Source code, prompts, and outputs accompanying two YouTube videos.
| Video | Link |
|---|---|
| Gemma 4: 8 Real-World Tests — the demo app, prompts, and model outputs | https://youtu.be/WcdFG1Onj5U |
| LLM Wiki — a living, agent-maintained wiki for any codebase (uses this repo as the demo) | https://youtu.be/J3szwLZ6YfI |
The .agents/ directory contains the portable LLM Wiki package (skills, workflows, rules) that any Antigravity user can drop into their own repo. The wiki/ directory is the generated output. See .agents/README.md for details.
demo-app/
├── .agents/ # Portable LLM Wiki package (skills, workflows, rules)
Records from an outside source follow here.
text \<open>A topology K coarser than T in which multiplication is jointly continuous is coarser
  than every G_alpha: c only removes open sets that such a K cannot contain.\<close>
lemma transfinite_seq_lower_bound:
  assumes top_K: "topspace K = carrier G"
    and mult_K: "continuous_map (prod_topology K K) K (\<lambda>(x, y). x \<otimes>\<^bsub>G\<^esub> y)"
    and KT: "\<And>V. openin K V \<Longrightarrow> openin T V"
  shows "openin K U \<Longrightarrow> openin (S i) U"
proof (induction i arbitrary: U rule: less_induct)
  case (less i)
  show ?case
  proof (cases i rule: index_cases)
    case least
    then show ?thesis using KT less.prems by (simp add: transfinite_seq_least)
  next
    case (succ p)
    have "openin (c_top G (S p)) U"
      by (rule c_top_finer[OF quasitopological_groupD(1,2)[OF transfinite_seq_quasitopological]
            top_K mult_K less.IH[OF succ(1)] less.prems])
    then show ?thesis by (simp add: transfinite_seq_succ[OF succ])
  next
    case limit
    then show ?thesis using less by (simp add: openin_transfinite_seq_limit)
  qed
qed

text \<open>If the index type is too large to embed into the topologies on G, the sequence repeats
  a value, and then it is constant from there on: some G_alpha is a fixed point of c.\<close>
lemma transfinite_seq_fixed_point:
  assumes "\<nexists>f :: 'i \<Rightarrow> 'g topology. inj f"
  shows "\<exists>a. c_top G (S a) = S a"
proof -
  obtain a b where ab: "a < b" "S a = S b"
    using assms unfolding inj_def by (metis linorder_neqE)
  define s where "s = (LEAST k. a < k)"
  have as: "a < s" and sb: "s \<le> b" unfolding s_def using ab(1) by (auto intro: LeastI Least_le)
  have "\<not> (\<exists>k. a < k \<and> k < s)" unfolding s_def using not_less_Least by blast
  then have Ss: "S s = c_top G (S a)" by (rule transfinite_seq_succ[OF as])
  have "S s = S a"
    unfolding topology_eq
    using transfinite_seq_antitone[OF less_imp_le[OF as]] transfinite_seq_antitone[OF sb] ab(2)
    by metis
  then show ?thesis using Ss by auto
qed

end

theorem theorem3p8:
  fixes G :: "'g monoid" and T :: "'g topology" and S :: "'i::wellorder \<Rightarrow> 'g topology"
  assumes "quasitopological_group G T"
    and "transfinite_seq G T S"
  shows "(\<forall>i. quasitopological_group G (S i))
       \<and> ((\<nexists>f :: 'i \<Rightarrow> 'g topology. inj f) \<longrightarrow> (\<exists>i. S i = tau_top G T))"
proof (intro conjI allI impI)
  show "quasitopological_group G (S i)" for i
    by (rule transfinite_seq_quasitopological[OF assms])
  assume "\<nexists>f :: 'i \<Rightarrow> 'g topology. inj f"
  then obtain a where fixed: "c_top G (S a) = S a"
    using transfinite_seq_fixed_point[OF assms] by blast
  have grp: "group G" and top_T: "topspace T = carrier G"
    using quasitopological_groupD(1,2)[OF assms(1)] by auto
  have qt_a: "quasitopological_group G (S a)" by (rule transfinite_seq_quasitopological[OF assms])
  have top_group_a: "topological_group G (S a)"
    by (rule topological_group_if_c_top_fixed[OF grp quasitopological_groupD(2)[OF qt_a] qt_a fixed])
  have "S a = tau_top G T"
    unfolding topology_eq
  proof (intro allI iffI)
    fix U assume "openin (S a) U"
    then show "openin (tau_top G T) U"
      using tau_top_finer[OF grp top_T top_group_a] transfinite_seq_coarser[OF assms] by blast
  next
    fix U assume "openin (tau_top G T) U"
    then show "openin (S a) U"
      using transfinite_seq_lower_bound[OF assms topspace_tau_top[OF grp top_T]
            continuous_map_tau_top_mult[OF grp top_T] tau_top_coarser[OF grp top_T]] by blast
  qed
  then show "\<exists>i. S i = tau_top G T" by blast
qed

end
lemma mixture_covering_le:
  assumes \<theta>: "\<theta> \<in> \<Theta>" and "\<epsilon> \<le> 1"
  shows "mixture (obs_event m (covering \<epsilon> \<theta> m)) \<le> emeasure (P \<theta>) (obs_event m (covering \<epsilon> \<theta> m))"
proof -
  interpret prob_space "P \<theta>" using \<theta> by (rule P_prob)
  define C where "C = covering \<epsilon> \<theta> m"
  define D where "D = space (PM m) - C"
  have C: "C \<in> sets (PM m)" unfolding C_def using \<theta> by (rule sets_covering)
  then have D: "D \<in> sets (PM m)" by (auto simp: D_def)
  have "emeasure (P \<theta>) (obs_event m D) \<le> ennreal \<epsilon> * mixture (obs_event m D)"
    using \<theta> D by (rule emeasure_le_mixture_outside_covering) (auto simp: C_def D_def)
  also have "\<dots> \<le> mixture (obs_event m D)"
    using \<open>\<epsilon> \<le> 1\<close> mult_right_mono[of "ennreal \<epsilon>" 1 "mixture (obs_event m D)"] by simp
  finally have PD: "emeasure (P \<theta>) (obs_event m D) \<le> mixture (obs_event m D)" .
  have "obs_event m C \<union> obs_event m D = space (P \<theta>)"
    using measurable_space[OF obs_measurable] by (auto simp: D_def space_P[OF \<theta>])
  then have P1: "emeasure (P \<theta>) (obs_event m C) + emeasure (P \<theta>) (obs_event m D) = 1"
    using sets_obs_event[OF C] sets_obs_event[OF D] P_sets[OF \<theta>]
    by (subst plus_emeasure) (auto simp: D_def emeasure_space_1)
  have Q1: "mixture (obs_event m C) + mixture (obs_event m D) = 1"
    unfolding D_def using C by (rule mixture_add_compl)
  have "mixture (obs_event m C) + emeasure (P \<theta>) (obs_event m D)
      \<le> emeasure (P \<theta>) (obs_event m C) + emeasure (P \<theta>) (obs_event m D)"
    using PD P1 Q1 by (metis add.commute add_left_mono)
  then show ?thesis
    unfolding C_def
    by (simp add: ennreal_add_left_cancel_le add.commute[of _ "emeasure (P \<theta>) (obs_event m D)"] emeasure_eq_measure)
qed

definition exit_set :: "real \<Rightarrow> 'b \<Rightarrow> nat \<Rightarrow> nat \<Rightarrow> (nat \<Rightarrow> 'a) set" where
  "exit_set \<epsilon> \<theta> n k = {y \<in> space (PM k). n < k \<and> restrict y {..<n} \<in> covering \<epsilon> \<theta> n
      \<and> y \<notin> covering \<epsilon> \<theta> k \<and> (\<forall>j\<in>{n<..<k}. restrict y {..<j} \<in> covering \<epsilon> \<theta> j)}"

lemma sets_exit_set:
  assumes \<theta>: "\<theta> \<in> \<Theta>"
  shows "exit_set \<epsilon> \<theta> n k \<in> sets (PM k)"
proof (cases "n < k")
  case True
  have past: "{y \<in> space (PM k). restrict y {..<j} \<in> covering \<epsilon> \<theta> j} \<in> sets (PM k)"
    if "j \<le> k" for j
  proof -
    have "(\<lambda>y. restrict y {..<j}) \<in> measurable (PM k) (PM j)"
      using that by (intro measurable_restrict_subset) auto
    from measurable_sets[OF this sets_covering[OF \<theta>]] show ?thesis
      by (simp add: vimage_def Int_def conj_commute)
  qed
  have now: "{y \<in> space (PM k). y \<notin> covering \<epsilon> \<theta> k} \<in> sets (PM k)"
    using sets_covering[OF \<theta>] by (auto simp: set_diff_eq[symmetric])
  have "{y \<in> space (PM k). (restrict y {..<n} \<in> covering \<epsilon> \<theta> n \<and> y \<notin> covering \<epsilon> \<theta> k)
      \<and> (\<forall>j\<in>{n<..<k}. restrict y {..<j} \<in> covering \<epsilon> \<theta> j)} \<in> sets (PM k)"
    using True past now
    by (intro sets.sets_Collect_conj sets.sets_Collect_finite_All) auto
  then show ?thesis using True by (simp add: exit_set_def conj_ac)
qed (simp add: exit_set_def)
lemma synthesis_operator_bounded:
  fixes M :: "'a::{topological_group_add,t2_space} measure"
    and \<Theta> :: "'a \<Rightarrow> complex" and c :: "'i \<Rightarrow> complex"
  assumes haar: "left_haar_measure M"
    and Q: "open Q" "0 \<in> Q" "uminus ` Q = Q" "compact (closure Q)"
    and I: "countable I" and relsep: "rel_const Q I lam < \<infinity>"
    and \<Theta>: "continuous_on UNIV \<Theta>" "wiener_norm M Q (\<lambda>x. \<Theta> (- x)) < \<infinity>"
    and c: "(\<lambda>i. (norm (c i))\<^sup>2) summable_on I"
  shows synthesis_summable_norm: "(\<lambda>i. norm (c i * \<Theta> (- lam i + x))) summable_on I"
    and borel_measurable_synthesis: "(\<lambda>x. \<Sum>\<^sub>\<infinity>i\<in>I. c i * \<Theta> (- lam i + x)) \<in> borel_measurable M"
    and nn_integral_synthesis_le:
      "(\<integral>\<^sup>+ x. ennreal ((norm (\<Sum>\<^sub>\<infinity>i\<in>I. c i * \<Theta> (- lam i + x)))\<^sup>2) \<partial>M)
         \<le> rel_const Q I lam / emeasure M Q * (\<integral>\<^sup>+ x. ennreal (norm (\<Theta> x)) \<partial>M)
           * wiener_norm M Q (\<lambda>x. \<Theta> (- x)) * ennreal (\<Sum>\<^sub>\<infinity>i\<in>I. (norm (c i))\<^sup>2)"
proof -
  define K where "K = rel_const Q I lam / emeasure M Q * wiener_norm M Q (\<lambda>x. \<Theta> (- x))"
  have "emeasure M Q \<noteq> 0"
    using emeasure_left_haar_neighbourhood[OF haar Q(1,2,4)] by simp
  then have "K < \<infinity>"
    using relsep \<Theta>(2)
    by (simp add: K_def ennreal_divide_eq_top_iff ennreal_mult_eq_top_iff less_top[symmetric])
  have translates_le: "(\<Sum>\<^sub>\<infinity>i\<in>I. ennreal (norm (\<Theta> (- lam i + x)))) \<le> K" for x
    unfolding K_def by (rule infsum_norm_translates_le_wiener_norm[OF haar Q I relsep \<Theta>(1)])
  have translates_summable: "(\<lambda>i. norm (\<Theta> (- lam i + x))) summable_on I" for x
    using translates_le[of x] \<open>K < \<infinity>\<close> by (intro summable_on_if_infsum_ennreal_finite) auto
  show summable: "(\<lambda>i. norm (c i * \<Theta> (- lam i + x))) summable_on I" for x
    by (rule norm_infsum_mult_squared_le(1)[OF c translates_summable])
  have [measurable]: "(\<lambda>x. \<Theta> (- lam i + x)) \<in> borel_measurable M" for i
    by (intro borel_measurable_left_haar_continuous[OF haar] continuous_on_compose2[OF \<Theta>(1)]
        continuous_intros) auto
  show "(\<lambda>x. \<Sum>\<^sub>\<infinity>i\<in>I. c i * \<Theta> (- lam i + x)) \<in> borel_measurable M"
  proof (rule borel_measurable_infsum[OF I])
    show "(\<lambda>i. c i * \<Theta> (- lam i + x)) summable_on I" for x
      using summable by (rule abs_summable_summable)
  qed measurable
  define A where "A x = (\<Sum>\<^sub>\<infinity>i\<in>I. ennreal ((norm (c i))\<^sup>2) * ennreal (norm (\<Theta> (- lam i + x))))"
    for x
  have "ennreal ((norm (\<Sum>\<^sub>\<infinity>i\<in>I. c i * \<Theta> (- lam i + x)))\<^sup>2) \<le> A x * K" for x
    unfolding A_def
    using ennreal_norm_infsum_mult_squared_le[OF c translates_summable] translates_le
    by (rule order_trans[OF _ mult_left_mono]) simp
  then have "(\<integral>\<^sup>+ x. ennreal ((norm (\<Sum>\<^sub>\<infinity>i\<in>I. c i * \<Theta> (- lam i + x)))\<^sup>2) \<partial>M)
      \<le> (\<integral>\<^sup>+ x. A x * K \<partial>M)"
    by (intro nn_integral_mono)
  also have "\<dots> = (\<integral>\<^sup>+ x. A x \<partial>M) * K"
    unfolding A_def using I by (intro nn_integral_multc) measurable
  also have "(\<integral>\<^sup>+ x. A x \<partial>M) = ennreal (\<Sum>\<^sub>\<infinity>i\<in>I. (norm (c i))\<^sup>2) * (\<integral>\<^sup>+ x. ennreal (norm (\<Theta> x)) \<partial>M)"
  proof -
    have "(\<lambda>x. ennreal (norm (\<Theta> x))) \<in> borel_measurable M"
      using borel_measurable_left_haar_continuous[OF haar \<Theta>(1)] by measurable
    from nn_integral_infsum_translates[OF haar I this] show ?thesis
      unfolding A_def by (simp add: ennreal_infsum[OF c])
  qed
  finally show "(\<integral>\<^sup>+ x. ennreal ((norm (\<Sum>\<^sub>\<infinity>i\<in>I. c i * \<Theta> (- lam i + x)))\<^sup>2) \<partial>M)
         \<le> rel_const Q I lam / emeasure M Q * (\<integral>\<^sup>+ x. ennreal (norm (\<Theta> x)) \<partial>M)
           * wiener_norm M Q (\<lambda>x. \<Theta> (- x)) * ennreal (\<Sum>\<^sub>\<infinity>i\<in>I. (norm (c i))\<^sup>2)"
    by (simp add: K_def ac_simps)
qed
definition K_phi :: "nat \<Rightarrow> (complex mat \<Rightarrow> complex mat) \<Rightarrow> (complex mat \<Rightarrow> complex mat)
   \<Rightarrow> complex vec \<Rightarrow> complex vec \<Rightarrow> complex mat" where
  "K_phi N EA EB \<phi>a \<phi>b = kron (hs_adjoint N EA (ketbra \<phi>a)) (hs_adjoint N EB (ketbra \<phi>b))"

text \<open>Ratio J_max/J_min with the convention x/0 = +infinity for x > 0;
  the degenerate case 0/0 (outcome of probability zero) is given value 1.\<close>
definition J_ratio :: "nat \<Rightarrow> complex mat \<Rightarrow> real \<Rightarrow> ereal" where
  "J_ratio N K s = (if Jmin N K s > 0 then ereal (Jmax N K s / Jmin N K s)
                    else if Jmax N K s > 0 then \<infinity> else 1)"

definition ereal_ln :: "ereal \<Rightarrow> ereal" where
  "ereal_ln x = (if x = \<infinity> then \<infinity> else if x \<le> 0 then -\<infinity> else ereal (ln (real_of_ereal x)))"

end

theory Submission
  imports Defs
begin

(* By the duality Tr((M_A (x) M_B) (E_A (x) E_B)(rho)) = Tr((E_A^+ M_A (x) E_B^+ M_B) rho), the outcome (0,0)
   of the local POVMs {|phi_a><phi_a|, 1 - |phi_a><phi_a|} and {|phi_b><phi_b|, 1 - |phi_b><phi_b|} has
   probability Tr(K_phi rho); so every admissible eps satisfies e^eps >= J_max(K_phi,s) / J_min(K_phi,s).
   Conversely, every POVM element is a sum of rank-one operators |u><u| (Cholesky factorisation) and
   K_{u,v} is a nonnegative multiple of K_phi for normalised phi, so the probability of any outcome set of
   any local measurement is a nonnegative combination of values Tr(K_phi rho). With r the supremum of the
   ratios, Tr(K_phi rho) <= r Tr(K_phi rho') therefore transfers to all local measurements: ln r is
   admissible. *)

lemma index_pair_less:
  fixes p q M N :: nat
  assumes "p < M" "q < N"
  shows "p * N + q < M * N"
proof -
  have "p * N + q < (p + 1) * N" using assms(2) by simp
  also have "\<dots> \<le> M * N" using assms(1) by (intro mult_le_mono1) simp
  finally show ?thesis .
qed

lemma div_mod_less_square:
  fixes r N :: nat
  assumes "r < N * N"
  shows "r div N < N" "r mod N < N"
proof -
  have "N > 0" using assms by (cases N) auto
  then show "r div N < N" "r mod N < N" using assms by (auto simp: less_mult_imp_div_less)
qed

lemma sum_index_pairs: "(\<Sum>r<M * (N::nat). g r) = (\<Sum>p<M. \<Sum>q<N. g (p * N + q))"
proof -
  have "(\<Sum>p<M. \<Sum>q<N. g (p * N + q)) = (\<Sum>(p, q)\<in>{..<M} \<times> {..<N}. g (p * N + q))"
    by (simp add: sum.cartesian_product)
  also have "\<dots> = (\<Sum>r<M * N. g r)"
  proof (rule sum.reindex_bij_witness[where i = "\<lambda>r. (r div N, r mod N)" and j = "\<lambda>(p, q). p * N + q"])
    fix a assume a: "a \<in> {..<M} \<times> {..<N}"
    then show "(\<lambda>r. (r div N, r mod N)) ((\<lambda>(p, q). p * N + q) a) = a"
      by (auto split: prod.splits)
    from a show "(\<lambda>(p, q). p * N + q) a \<in> {..<M * N}"
      by (auto split: prod.splits intro: index_pair_less)
  next
    fix b assume b: "b \<in> {..<M * N}"
    then show "(\<lambda>(p, q). p * N + q) (b div N, b mod N) = b" by simp
    have "N > 0" using b by (cases N) auto
    then show "(b div N, b mod N) \<in> {..<M} \<times> {..<N}"
      using b by (auto simp: less_mult_imp_div_less)
  qed (auto split: prod.splits)
  finally show ?thesis ..
qed

lemma sum_index_pairs2:
  "(\<Sum>r<N * N. \<Sum>c<N * N. F (r div N) (r mod N) (c div N) (c mod N)) =
   (\<Sum>x<N. \<Sum>x'<(N::nat). \<Sum>y<N. \<Sum>y'<N. F x x' y y')"
  by (simp only: sum_index_pairs) (auto intro!: sum.cong)

lemma sum_pull_innermost:
  "(\<Sum>r\<in>A. \<Sum>c\<in>B. \<Sum>i\<in>C. f r c i) = (\<Sum>i\<in>C. \<Sum>r\<in>A. \<Sum>c\<in>B. f r c i)"
proof -
  have "(\<Sum>r\<in>A. \<Sum>c\<in>B. \<Sum>i\<in>C. f r c i) = (\<Sum>r\<in>A. \<Sum>i\<in>C. \<Sum>c\<in>B. f r c i)"
    by (rule sum.cong[OF refl], rule sum.swap)
  also have "\<dots> = (\<Sum>i\<in>C. \<Sum>r\<in>A. \<Sum>c\<in>B. f r c i)" by (rule sum.swap)
  finally show ?thesis .
qed

lemma sum_swap_pairs:
  "(\<Sum>a\<in>A. \<Sum>b\<in>B. \<Sum>c\<in>C. \<Sum>d\<in>D. f a b c d) = (\<Sum>c\<in>C. \<Sum>d\<in>D. \<Sum>a\<in>A. \<Sum>b\<in>B. f a b c d)"
  by (subst sum_pull_innermost) (rule sum.cong[OF refl], rule sum_pull_innermost)

lemma sum_indicator_mult_right:
  assumes "k < (n::nat)"
  shows "(\<Sum>j<n. c j * (if j = k then t else 0)) = c k * (t::complex)"
proof -
  have eq: "(\<lambda>j. c j * (if j = k then t else 0)) = (\<lambda>j. if j = k then c j * t else 0)" by auto
  show ?thesis unfolding eq using assms by (simp add: sum.delta)
qed

lemma sum_indicator_mult_left:
  assumes "k < (n::nat)"
  shows "(\<Sum>j<n. (if j = k then t else 0) * c j) = (t::complex) * c k"
proof -
  have eq: "(\<lambda>j. (if j = k then t else 0) * c j) = (\<lambda>j. if j = k then t * c j else 0)" by auto
  show ?thesis unfolding eq using assms by (simp add: sum.delta)
qed

lemma cnj_mult_self_real: "cnj z * z = complex_of_real ((cmod z)\<^sup>2)"
  by (subst complex_norm_square) (rule mult.commute)

section \<open>Positive semidefinite matrices\<close>

definition qform :: "nat \<Rightarrow> complex mat \<Rightarrow> complex vec \<Rightarrow> complex" where
  "qform n A v = (\<Sum>i<n. \<Sum>j<n. cnj (v $ i) * A $$ (i, j) * v $ j)"

definition sform :: "nat \<Rightarrow> complex mat \<Rightarrow> (nat \<Rightarrow> complex) \<Rightarrow> (nat \<Rightarrow> complex) \<Rightarrow> complex" where
  "sform n A a b = (\<Sum>i<n. \<Sum>j<n. cnj (a i) * A $$ (i, j) * b j)"

lemma psd_iff_qform: "psd n A \<longleftrightarrow> A \<in> carrier_mat n n \<and>
   (\<forall>v\<in>carrier_vec n. Im (qform n A v) = 0 \<and> Re (qform n A v) \<ge> 0)"
  unfolding psd_def qform_def Let_def by simp

lemma psd_carrier: "psd n A \<Longrightarrow> A \<in> carrier_mat n n"
  unfolding psd_def by blast

lemma psd_qform: "psd n A \<Longrightarrow> v \<in> carrier_vec n \<Longrightarrow> Im (qform n A v) = 0 \<and> Re (qform n A v) \<ge> 0"
  unfolding psd_iff_qform by blast

lemma qform_eq_sform: "qform n A v = sform n A (\<lambda>i. v $ i) (\<lambda>i. v $ i)"
  unfolding qform_def sform_def by simp

lemma psd_sform: "psd n A \<Longrightarrow> Im (sform n A a a) = 0 \<and> Re (sform n A a a) \<ge> 0"
proof -
  assume "psd n A"
  moreover have "qform n A (vec n a) = sform n A a a"
    unfolding qform_def sform_def by (intro sum.cong refl) simp
  ultimately show ?thesis using psd_qform[of n A "vec n a"] by simp
qed

lemma sform_add:
  "sform n A (\<lambda>i. a i + b i) (\<lambda>i. a i + b i) = sform n A a a + sform n A b b + sform n A a b + sform n A b a"
  unfolding sform_def by (simp add: ring_distribs sum.distrib)

lemma sform_indicator_right:
  "k < n \<Longrightarrow> sform n A a (\<lambda>j. if j = k then t else 0) = t * (\<Sum>i<n. cnj (a i) * A $$ (i, k))"
  unfolding sform_def by (simp only: sum_indicator_mult_right) (simp add: sum_distrib_left mult_ac)

lemma sform_indicator_left:
  assumes "k < n"
  shows "sform n A (\<lambda>j. if j = k then t else 0) a = cnj t * (\<Sum>j<n. A $$ (k, j) * a j)"
proof -
  have "sform n A (\<lambda>j. if j = k then t else 0) a =
      (\<Sum>j<n. \<Sum>i<n. (if i = k then cnj t else 0) * (A $$ (i, j) * a j))"
    unfolding sform_def by (subst sum.swap) (auto intro!: sum.cong simp: mult_ac)
  also have "\<dots> = cnj t * (\<Sum>j<n. A $$ (k, j) * a j)"
    using assms by (simp add: sum_indicator_mult_left sum_distrib_left)
  finally show ?thesis .
qed

lemma sform_indicator_both:
  "k < n \<Longrightarrow> l < n \<Longrightarrow>
   sform n A (\<lambda>j. if j = k then t else 0) (\<lambda>j. if j = l then u else 0) = cnj t * A $$ (k, l) * u"
  by (simp add: sform_indicator_left sum_indicator_mult_right)

lemma psd_diag_nonneg: "psd n A \<Longrightarrow> k < n \<Longrightarrow> Im (A $$ (k, k)) = 0 \<and> Re (A $$ (k, k)) \<ge> 0"
  using psd_sform[of n A "\<lambda>j. if j = k then 1 else 0"] by (simp add: sform_indicator_both)

text \<open>Polarisation: test the form on \<open>e\<^sub>i + e\<^sub>j\<close> and \<open>e\<^sub>i + \<i> e\<^sub>j\<close>.\<close>
lemma psd_hermitian:
  assumes A: "psd n A" and i: "i < n" and j: "j < n"
  shows "A $$ (j, i) = cnj (A $$ (i, j))"
proof -
  let ?e = "\<lambda>t x. if x = j then (t::complex) else 0"
  have e: "sform n A (\<lambda>x. (if x = i then 1 else 0) + ?e t x) (\<lambda>x. (if x = i then 1 else 0) + ?e t x) =
     A $$ (i, i) + cnj t * A $$ (j, j) * t + t * A $$ (i, j) + cnj t * A $$ (j, i)" for t
    unfolding sform_add using i j by (simp add: sform_indicator_both)
  have "Im (sform n A (\<lambda>x. (if x = i then 1 else 0) + ?e t x) (\<lambda>x. (if x = i then 1 else 0) + ?e t x)) = 0" for t
    using psd_sform[OF A] by blast
  from this[of 1] this[of \<i>]
  have 1: "Im (A $$ (i, i) + A $$ (j, j) + A $$ (i, j) + A $$ (j, i)) = 0"
    and 2: "Im (A $$ (i, i) + A $$ (j, j) + \<i> * A $$ (i, j) - \<i> * A $$ (j, i)) = 0"
    unfolding e by (simp_all add: algebra_simps)
  have "Im (A $$ (i, i)) = 0" "Im (A $$ (j, j)) = 0" using psd_diag_nonneg[OF A] i j by auto
  then show ?thesis using 1 2 by (intro complex_eqI) auto
qed

lemma nonneg_quadratic_imp_le:
  fixes q m \<alpha> :: real
  assumes nonneg: "\<And>s. 0 \<le> q + s\<^sup>2 * m * \<alpha> - 2 * s * m" and "\<alpha> \<ge> 0"
  shows "m \<le> \<alpha> * q"
proof (cases "\<alpha> > 0")
  case True
  have "0 \<le> q + (1 / \<alpha>)\<^sup>2 * m * \<alpha> - 2 * (1 / \<alpha>) * m" by (rule nonneg)
  then show ?thesis using True by (simp add: power2_eq_square field_simps)
next
  case False
  with \<open>\<alpha> \<ge> 0\<close> have "\<alpha> = 0" by simp
  show ?thesis
  proof (rule ccontr)
    assume "\<not> m \<le> \<alpha> * q"
    then have "m > 0" using \<open>\<alpha> = 0\<close> by simp
    have "0 \<le> q + ((q + 1) / (2 * m))\<^sup>2 * m * \<alpha> - 2 * ((q + 1) / (2 * m)) * m" by (rule nonneg)
    then show False using \<open>\<alpha> = 0\<close> \<open>m > 0\<close> by (simp add: field_simps)
  qed
qed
├── wiki/ # Generated LLM-maintained living documentation
├── index.html # The demo app (single HTML file, no build step)
├── start.command # macOS double-click launcher
├── README.md # This file
├── PROMPTS.md # All 8 test prompts, copy-paste ready
└── outputs/ # Model responses for each test
├── response_test6_multifile.txt
├── response_test7_reasoning.txt # Gemma 31B, thinking OFF
├── response_test7_reasoning_gemmathinking.txt # Gemma 31B, thinking ON
├── response_test7_reasoning_gemini.txt # Gemini 3.1 Pro
├── response_test8_json_26b.txt
└── response_test8_json_31b.txt
Tests 1–5 outputs are shown as screenshots/images in the video. Tests 6–8 full responses are in
outputs/.
Requirements: A Google AI Studio API key (free at aistudio.google.com)
API Key setup:
cp env.txt.example env.txt
# Edit env.txt and replace "your_api_key_here" with your actual keyThe app reads env.txt at startup and pre-fills the API key field. Alternatively, paste your key directly into the key field in the UI. env.txt is gitignored so your key is never committed.
macOS:
# Option 1: Double-click start.command
# Option 2: Terminal
cd demo-app
npx serve . -p 4000
# Open http://localhost:4000Windows / Linux:
cd demo-app
npx serve . -p 4000
# Open http://localhost:4000Enter your API key in the top-right field. Select a model, mode (Text or Image), and optionally enable Thinking Mode.
| Model ID | Type | Notes |
|---|---|---|
gemma-4-31b-it |
Dense | All params active per token |
gemma-4-26b-a4b-it |
MoE | Only 3.8B active per token |
gemini-3.1-pro-preview |
Proprietary | Used for Test 7 comparison |
gemini-3-flash-preview |
Proprietary | Used for hook comparison |
| Test | Description | Result |
|---|---|---|
| 1 | JSON Extraction | ✅ Both models — clean, correct |
| 2 | Single Function Coding | ✅ Both models — working code first try |
| 3 | Simple Reasoning | ✅ Correct step-by-step |
| 4 | OCR & Chart Reading | ✅ Surprise pass — all 72 data points correct |
| 5 | Image Q&A (Architecture) | ✅ Surprise pass — identified SPOF unprompted |
| 6 | Multi-File Code Generation | |
| 7 | Deep Reasoning (Logic Puzzle) | ✅ Surprise pass — found both valid solutions |
| 8 | Complex Nested JSON | ✅ 100% correct, both models |
Tests 4, 5, 7, and 8 were designed expecting Gemma to struggle. It didn't. The video tells the honest story — results updated in real time as we ran each test.
Test 6 caveats (passed, but with code quality issues):
- Pydantic V1/V2 mixed syntax (
class ConfigvsConfigDict) - Deprecated FastAPI
@app.on_event("startup")handler - Simplified auth — username used directly as Bearer token
- These are real-world issues but not correctness failures
See PROMPTS.md for all 8 prompts, copy-paste ready.